Suppose we ignored that or replaced your criterion with this one. There is still a more fundamental problem, (as pointed out in the comments), which is that it doesn't make sense to talk about a set being open or closed unless you specify a topological space it is a part of. Even with our alternate approach, a random set doesn't have a boundary. We can only identify the boundary of a set in the context of a topological space. It is possible to specify the structure of a topological space without metric structure, but (unless you want that this set is trivially open), you still need to find $S$ as a subset of a larger topological space.
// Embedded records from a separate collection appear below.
lemma integral_abs_sum_iid_centered_le:
  fixes h :: "'a \<Rightarrow> real" and R :: nat
  assumes W: "prob_space W" and [measurable]: "h \<in> borel_measurable W"
    and h_le: "\<And>x. \<bar>h x\<bar> \<le> b" and centered: "integral\<^sup>L W h = 0"
  shows "(\<integral>\<omega>. \<bar>\<Sum>r<R. h (\<omega> r)\<bar> \<partial>PiM UNIV (\<lambda>_. W)) \<le> sqrt R * b"
proof -
  interpret product_prob_space "\<lambda>_::nat. W" UNIV by (rule product_prob_space_const[OF W])
  have b0: "0 \<le> b" using h_le[of undefined] by linarith
  have "\<bar>\<Sum>r<R. h (\<omega> r)\<bar> \<le> real R * b" for \<omega>
    using order_trans[OF sum_abs sum_mono[of "{..<R}" "\<lambda>r. \<bar>h (\<omega> r)\<bar>" "\<lambda>_. b"]] h_le by simp
  then have "\<bar>(\<Sum>r<R. h (\<omega> r))\<^sup>2\<bar> \<le> (real R * b)\<^sup>2" for \<omega>
    using b0 by (simp add: abs_le_square_iff[symmetric])
  then have "integrable (PiM UNIV (\<lambda>_. W)) (\<lambda>\<omega>. (\<Sum>r<R. h (\<omega> r))\<^sup>2)"
    by (intro P.integral_bounded_le(1)[where b="(real R * b)\<^sup>2"]) measurable
  then have "(\<integral>\<omega>. \<bar>\<Sum>r<R. h (\<omega> r)\<bar> \<partial>PiM UNIV (\<lambda>_. W))
      \<le> sqrt (\<integral>\<omega>. (\<Sum>r<R. h (\<omega> r))\<^sup>2 \<partial>PiM UNIV (\<lambda>_. W))"
    by (rule P.integral_abs_le_sqrt_second_moment[rotated]) measurable
  also have "\<dots> \<le> sqrt (real R * b\<^sup>2)"
    by (rule real_sqrt_le_mono, rule second_moment_sum_iid_centered[OF W _ h_le centered]) measurable
  also have "\<dots> = sqrt R * b"
    using b0 by (simp add: real_sqrt_mult)
  finally show ?thesis .
qed

lemma empirical_mean_L1_le:
  fixes g :: "'a \<Rightarrow> real"
  assumes W: "prob_space W" and [measurable]: "g \<in> borel_measurable W"
    and g_le: "\<And>x. \<bar>g x\<bar> \<le> b" and "0 < R"
  shows "(\<integral>\<omega>. \<bar>(\<Sum>r<R. 1 / real R * g (\<omega> r)) - integral\<^sup>L W g\<bar> \<partial>PiM UNIV (\<lambda>_. W))
    \<le> 2 * b / sqrt R"
proof -
  interpret prob_space W by (rule W)
  define h where "h x = g x - integral\<^sup>L W g" for x
  have g_int: "integrable W g" and "\<bar>integral\<^sup>L W g\<bar> \<le> b"
    using integral_bounded_le[of g b] g_le by auto
  then have h_le: "\<bar>h x\<bar> \<le> 2 * b" for x
    using g_le[of x] by (simp add: h_def)
  have "integral\<^sup>L W h = 0"
    unfolding h_def using g_int by (simp add: prob_space)
  then have "(\<integral>\<omega>. \<bar>\<Sum>r<R. h (\<omega> r)\<bar> \<partial>PiM UNIV (\<lambda>_. W)) \<le> sqrt R * (2 * b)"
    by (intro integral_abs_sum_iid_centered_le[OF W _ h_le]) (simp add: h_def)
  then have "(\<integral>\<omega>. \<bar>\<Sum>r<R. h (\<omega> r)\<bar> \<partial>PiM UNIV (\<lambda>_. W)) / R \<le> sqrt R * (2 * b) / R"
    by (simp add: divide_right_mono)
  also have "\<dots> = 2 * b / sqrt R"
    using \<open>0 < R\<close> by (simp add: sqrt_divide_self_eq field_split_simps)
  moreover have "(\<Sum>r<R. 1 / real R * g (\<omega> r)) - integral\<^sup>L W g = (\<Sum>r<R. h (\<omega> r)) / R" for \<omega>
    using \<open>0 < R\<close> by (simp add: h_def sum_subtractf sum_divide_distrib[symmetric] diff_divide_distrib)
  ultimately show ?thesis by simp
qed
Edit: You suggest that we consider $S$ a subset of $\mathbb{R}P^1$. $\mathbb{R}P^1$ can be defined as $\\{(a,b) \in \mathbb{R}^2: (a,b)\neq (0,0)\\}/\sim$ where $(a,b) \sim (c,d)$ whenever $(a,b)$ is a scalar multiple of $(c,d)$. The question becomes, how do we identify $S$ with a subspace of $\mathbb{R}P^1$ given this definition. Well, each pair $[(a,b)]$ corresponds to the equation $ax + by = 0$ (we are just picking lines through the origin for simplicity although it doesn't affect the answer). This means that your set $S$ is $\\{[(a,1-a)]: 0 < a < 1\\}$. If we take look at the preimage of $S$ in $\mathbb{R}^2\setminus \\{(0,0)\\}$ (ie: before indentificaiton). These are the set of points $(x,y)$ where we can rescale them to be of the form $(a,1-a)$ with $a\in (0 ,1)$. A little algebra gives us that we can put any $(x,y)$ in this form by taking $\pm \frac{1}{x+y}(x,y)$ as long as neither $x$ nor $y$ is zero. As such, the preimage of $S$ under the quotient map is $\mathbb{R}^2$ without the $x$ and $y$ axes, and so it has open preimage. But by definition of the quotient topology this makes it open.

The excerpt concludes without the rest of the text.